Вот почему сейчас, у дома Саенца, Азафран решил выждать минуту-другую. Когда он вошел, хозяин деловито ставил на стол мюсли со свежими фруктами. После завтрака друзья, как и собирались, проехали сто двадцать километров до того, как настала пора навестить в больнице маму и новорожденную.
Тогда-то все и случилось. Так бывает, если очень сблизишься с кем-то, если долгие годы вы прожили бок о бок, словно братья. Пока товарищ принимал душ, Патруль зашел из комнаты для гостей в спальню Акила и де Зубии. Для чего? Подобрать с пола форму Саенца и бросить вместе со своею в стиральную машинку. Мужчина сделал это по привычке, не задумываясь. А вот зачем он заглянул в шорты Акила? Трудно сказать, но уж точно не по обыкновению. На искусственной замше темнело пятно. Не испражнения. Кораллового цвета. Вроде бы мелочь. Какая тихая и мирная минута!..

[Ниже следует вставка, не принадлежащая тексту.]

text \<open>Let \<open>i\<close> be the common maximal vertex and \<open>D\<close> the district of \<open>i\<close> in the subgraph
  induced by \<open>an(H)\<close>. Removing \<open>K\<close> from \<open>an(H\<^sub>1)\<close> removes only sinks, so
  \<open>S\<^sub>1 = an(H\<^sub>1) \<setminus> K\<close> is ancestral and contains \<open>an(H)\<close>; the district of \<open>i\<close> in \<open>S\<^sub>1\<close>
  lies in \<open>an(H)\<close>, hence equals \<open>D\<close>. Likewise for \<open>S\<^sub>2 = an(H\<^sub>2) \<setminus> L\<close>. The set
  \<open>S\<^sub>3 = an(H\<^sub>3) \<setminus> (H\<^sub>3 \<setminus> H)\<close> is again ancestral and contains \<open>an(H)\<close>, and each of its
  vertices lies in \<open>S\<^sub>1\<close>, in \<open>S\<^sub>2\<close> or in \<open>H\<^sub>3 \<inter> H \<subseteq> D\<close>. So no bidirected edge leaves
  \<open>D\<close> inside \<open>S\<^sub>3\<close>: the district of \<open>i\<close> in \<open>S\<^sub>3\<close> is \<open>D\<close>, whose barren part is \<open>H\<close>.\<close>

definition ancestral :: "mgraph \<Rightarrow> nat set \<Rightarrow> bool" where
  "ancestral G S \<longleftrightarrow> (\<forall>x y. (x, y) \<in> dedges G \<longrightarrow> y \<in> S \<longrightarrow> x \<in> S)"

lemma MAG_dedgesD:
  assumes "MAG G" "(a, b) \<in> dedges G"
  shows "a < b" "a \<in> verts G" "b \<in> verts G"
proof -
  have "dedges G \<subseteq> verts G \<times> verts G" "\<forall>a b. (a, b) \<in> dedges G \<longrightarrow> a < b"
    using assms(1) by (simp_all add: MAG_def)
  then show "a < b" "a \<in> verts G" "b \<in> verts G" using assms(2) by auto
qed

lemma MAG_bedgesD:
  assumes "MAG G" "(a, b) \<in> bedges G"
  shows "(b, a) \<in> bedges G" "a \<in> verts G" "b \<in> verts G"
proof -
  have "bedges G \<subseteq> verts G \<times> verts G" "sym (bedges G)"
    using assms(1) by (simp_all add: MAG_def)
  then show "(b, a) \<in> bedges G" "a \<in> verts G" "b \<in> verts G"
    using assms(2) by (auto dest: symD)
qed

lemma MAG_finite_verts: "MAG G \<Longrightarrow> finite (verts G)"
  by (simp add: MAG_def)

lemma MAG_rtrancl_le:
  assumes "MAG G" "(a, b) \<in> (dedges G)\<^sup>*"
  shows "a \<le> b"
  using assms(2)
proof (induction rule: rtrancl_induct)
  case (step y z)
  then show ?case using MAG_dedgesD(1)[OF assms(1)] by fastforce
qed simp

lemma anc_set_iff:
  "u \<in> anc_set G W \<longleftrightarrow> u \<in> verts G \<and> (\<exists>w\<in>W. (u, w) \<in> (dedges G)\<^sup>*)"
  by (auto simp: anc_set_def anc_def)

lemma anc_set_Un: "anc_set G (X \<union> Y) = anc_set G X \<union> anc_set G Y"
  by (auto simp: anc_set_def)

lemma subset_anc_set: "W \<subseteq> verts G \<Longrightarrow> W \<subseteq> anc_set G W"
  by (auto simp: anc_set_iff)

lemma barren_subset: "barren G W \<subseteq> verts G \<inter> W"
  by (auto simp: barren_def desc_def)

lemma barren_iff:
  assumes "W \<subseteq> verts G"
  shows "w \<in> barren G W \<longleftrightarrow> w \<in> W \<and> (\<forall>u\<in>W. (w, u) \<in> (dedges G)\<^sup>* \<longrightarrow> u = w)"
  using assms by (auto simp: barren_def desc_def)

lemma barren_idem: "barren G (barren G W) = barren G W"
  unfolding barren_def by blast

lemma barren_exists_descendant:
  assumes "MAG G" "W \<subseteq> verts G" "w \<in> W"
  shows "\<exists>u\<in>barren G W. (w, u) \<in> (dedges G)\<^sup>*"
proof -
  define M where "M = {u \<in> W. (w, u) \<in> (dedges G)\<^sup>*}"
  have "M \<subseteq> verts G" using assms(2) by (auto simp: M_def)
  then have fin: "finite M" using MAG_finite_verts[OF assms(1)] by (rule finite_subset)
  moreover have "w \<in> M" using assms(3) by (simp add: M_def)
  ultimately have uM: "Max M \<in> M" by (intro Max_in) auto
  have "Max M \<in> barren G W"
    unfolding barren_iff[OF assms(2)]
  proof (intro conjI ballI impI)
    show "Max M \<in> W" using uM by (simp add: M_def)
    fix x assume x: "x \<in> W" "(Max M, x) \<in> (dedges G)\<^sup>*"
    then have "(w, x) \<in> (dedges G)\<^sup>*" using uM unfolding M_def by (blast intro: rtrancl_trans)
    then have "x \<le> Max M" using x(1) Max_ge[OF fin] by (simp add: M_def)
    then show "x = Max M" using MAG_rtrancl_le[OF assms(1) x(2)] by simp
  qed
  then show ?thesis using uM by (auto simp: M_def)
qed

lemma anc_set_barren:
  assumes "MAG G" "W \<subseteq> verts G"
  shows "anc_set G (barren G W) = anc_set G W"
proof
  show "anc_set G (barren G W) \<subseteq> anc_set G W"
    using barren_subset[of G W] unfolding anc_set_def by blast
  show "anc_set G W \<subseteq> anc_set G (barren G W)"
  proof
    fix x assume "x \<in> anc_set G W"
    then obtain w where w: "x \<in> verts G" "w \<in> W" "(x, w) \<in> (dedges G)\<^sup>*"
      by (auto simp: anc_set_iff)
    obtain u where "u \<in> barren G W" "(w, u) \<in> (dedges G)\<^sup>*"
      using barren_exists_descendant[OF assms w(2)] by blast
    with w show "x \<in> anc_set G (barren G W)"
      unfolding anc_set_iff by (blast intro: rtrancl_trans)
  qed
qed

lemma barren_Un_memI:
  assumes "barren G H1 = H1" "barren G H2 = H2"
    and "x \<in> anc_set G H1 \<union> anc_set G H2"
    and "x \<in> anc_set G H1 \<Longrightarrow> x \<in> H1" "x \<in> anc_set G H2 \<Longrightarrow> x \<in> H2"
  shows "x \<in> barren G (H1 \<union> H2)"
proof -
  have V: "H1 \<subseteq> verts G" "H2 \<subseteq> verts G"
    using barren_subset[of G H1] barren_subset[of G H2] assms(1,2) by auto
  have "u = x" if "u \<in> H1 \<union> H2" "(x, u) \<in> (dedges G)\<^sup>*" for u
  proof (cases "u \<in> H1")
    case True
    then have "x \<in> H1" using that(2) assms(3,4) V by (auto simp: anc_set_iff)
    then show ?thesis using True that(2) assms(1) barren_iff[OF V(1)] by blast
  next
    case False
    then have "u \<in> H2" using that(1) by simp
    moreover from this have "x \<in> H2" using that(2) assms(3,5) V by (auto simp: anc_set_iff)
    ultimately show ?thesis using that(2) assms(2) barren_iff[OF V(2)] by blast
  qed
  moreover have "x \<in> H1 \<union> H2" using assms(3-5) by blast
  ultimately show ?thesis using V by (simp add: barren_iff)
qed

lemma ancestral_rtrancl_mem:
  assumes "ancestral G S" "(x, y) \<in> (dedges G)\<^sup>*" "y \<in> S"
  shows "x \<in> S"
  using assms(2,3)
  by (induction rule: converse_rtrancl_induct) (use assms(1) in \<open>auto simp: ancestral_def\<close>)

lemma ancestral_rtrancl_induced:
  assumes "ancestral G S" "(x, y) \<in> (dedges G)\<^sup>*" "y \<in> S"
  shows "(x, y) \<in> (dedges G \<inter> S \<times> S)\<^sup>*"
  using assms(2)
proof (induction rule: converse_rtrancl_induct)
  case (step x z)
  have "z \<in> S" using ancestral_rtrancl_mem[OF assms(1) step(2) assms(3)] .
  with step(1) assms(1) have "(x, z) \<in> dedges G \<inter> S \<times> S" by (auto simp: ancestral_def)
  then show ?case using step(3) by (rule converse_rtrancl_into_rtrancl)
qed simp

lemma anc_set_subset_ancestral:
  assumes "ancestral G S" "W \<subseteq> S"
  shows "anc_set G W \<subseteq> S"
proof
  fix x assume "x \<in> anc_set G W"
  then obtain w where "w \<in> W" "(x, w) \<in> (dedges G)\<^sup>*" by (auto simp: anc_set_iff)
  then show "x \<in> S" using ancestral_rtrancl_mem[OF assms(1)] assms(2) by blast
qed

lemma ancestral_anc_set:
  assumes "MAG G"
  shows "ancestral G (anc_set G W)"
  unfolding ancestral_def
proof (intro allI impI)
  fix x y assume xy: "(x, y) \<in> dedges G" and "y \<in> anc_set G W"
  then obtain w where "w \<in> W" "(y, w) \<in> (dedges G)\<^sup>*" by (auto simp: anc_set_iff)
  moreover have "x \<in> verts G" using MAG_dedgesD(2)[OF assms \<open>(x, y) \<in> dedges G\<close>] .
  ultimately show "x \<in> anc_set G W"
    using converse_rtrancl_into_rtrancl[OF xy] by (auto simp: anc_set_iff)
qed

text \<open>The vertices of a barren set are sinks of its ancestral set, so removing any of them
  keeps the set ancestral.\<close>

lemma ancestral_anc_set_Diff:
  assumes "MAG G" "barren G W = W" "K \<subseteq> W"
  shows "ancestral G (anc_set G W - K)"
  unfolding ancestral_def
proof (intro allI impI)
  fix x y assume xy: "(x, y) \<in> dedges G" and y: "y \<in> anc_set G W - K"
  then have "x \<in> anc_set G W" using ancestral_anc_set[OF assms(1)] unfolding ancestral_def by blast
  moreover have "x \<notin> K"
  proof
    assume "x \<in> K"
    obtain h where h: "h \<in> W" "(y, h) \<in> (dedges G)\<^sup>*" using y by (auto simp: anc_set_iff)
    have WV: "W \<subseteq> verts G" using barren_subset[of G W] assms(2) by auto
    have "(x, h) \<in> (dedges G)\<^sup>*" using xy h(2) by (rule converse_rtrancl_into_rtrancl)
    then have "h = x" using assms(2,3) \<open>x \<in> K\<close> h(1) barren_iff[OF WV, of x] by blast
    moreover have "x < y" using MAG_dedgesD(1)[OF assms(1) xy] .
    ultimately show False using MAG_rtrancl_le[OF assms(1) h(2)] by simp
  qed
  ultimately show "x \<in> anc_set G W - K" by simp
qed

lemma barren_induced_ancestral:
  assumes "ancestral G S" "W \<subseteq> S"
  shows "barren (induced G S) W = barren G W"
proof -
  have "desc (induced G S) w \<inter> W = desc G w \<inter> W" for w
  proof
    have "(dedges G \<inter> S \<times> S)\<^sup>* \<subseteq> (dedges G)\<^sup>*" by (rule rtrancl_mono) blast
    then show "desc (induced G S) w \<inter> W \<subseteq> desc G w \<inter> W"
      by (auto simp: desc_def induced_def)
    show "desc G w \<inter> W \<subseteq> desc (induced G S) w \<inter> W"
      using assms ancestral_rtrancl_induced[OF assms(1)] by (auto simp: desc_def induced_def)
  qed
  moreover have "w \<in> W \<Longrightarrow> w \<in> desc (induced G S) w \<longleftrightarrow> w \<in> desc G w" for w
    using assms by (auto simp: desc_def induced_def)
  ultimately show ?thesis unfolding barren_def by auto
qed

lemma dis_induced:
  "dis (induced G S) v = {u \<in> verts G \<inter> S. (u, v) \<in> (bedges G \<inter> S \<times> S)\<^sup>*}"
  by (simp add: dis_def induced_def)

lemma dis_induced_mono:
  assumes "S \<subseteq> T"
  shows "dis (induced G S) v \<subseteq> dis (induced G T) v"
proof -
  have "bedges G \<inter> S \<times> S \<subseteq> bedges G \<inter> T \<times> T" using assms by auto
  then show ?thesis unfolding dis_induced using assms rtrancl_mono by blast
qed

lemma dis_induced_subset: "dis (induced G S) v \<subseteq> verts G \<inter> S"
  by (auto simp: dis_induced)

lemma dis_induced_closed:
  assumes "MAG G" "(x, y) \<in> bedges G" "x \<in> S" "y \<in> dis (induced G S) v"
  shows "x \<in> dis (induced G S) v"
  using assms MAG_bedgesD(2)[OF assms(1,2)]
  by (auto simp: dis_induced intro: converse_rtrancl_into_rtrancl)

lemma dis_induced_subsetI:
  assumes "v \<in> D" "\<And>x y. (x, y) \<in> bedges G \<Longrightarrow> x \<in> T \<Longrightarrow> y \<in> D \<Longrightarrow> x \<in> D"
  shows "dis (induced G T) v \<subseteq> D"
proof
  fix u assume "u \<in> dis (induced G T) v"
  then have "(u, v) \<in> (bedges G \<inter> T \<times> T)\<^sup>*" by (simp add: dis_induced)
  then show "u \<in> D"
    by (induction rule: converse_rtrancl_induct) (use assms in auto)
qed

Бережно, двумя пальцами Патруль разложил все, как было, затворил за собой дверь и стал дожидаться товарища из душевой.
В конце той недели Акил Саенц выиграл на дистанции Льеж - Бастонья - Льеж - самой, по всеобщему приговору, своенравной из классических, а также самой старой. Акила чествовали еще на старте. Он и не разочаровал болельщиков - победил изящно. Всю дорогу держался рядом с основной массой, словно обыкновенный член команды, разве только немного впереди, а под конец, даром что не спринтер, врезался в группу лидеров и разыграл-таки настоящую гонку: удар локтем за удар локтем, рывок за рывок. Чемпион пересек черту с опережением всего лишь… в обод колеса. Толпа бесновалась, особенно когда увидела фото с финиша. Отвоевать километры - это, конечно, впечатляет, но как-то уж очень не по-человечески. Обойти всех на толщину пальца - вот как лучшие из смертных добиваются поголовного обожания.
Спустя пару дней Саенц заговорил о новой поездке в Сьенну и каком-то там обследовании. Азафран попытался вытянуть друга на беседу.
- Спору нет, Микель талантливый доктор, но если не горит, лучше останься. Ты только что выиграл "Льеж". На тренировках все в порядке. К чему лишние хлопоты?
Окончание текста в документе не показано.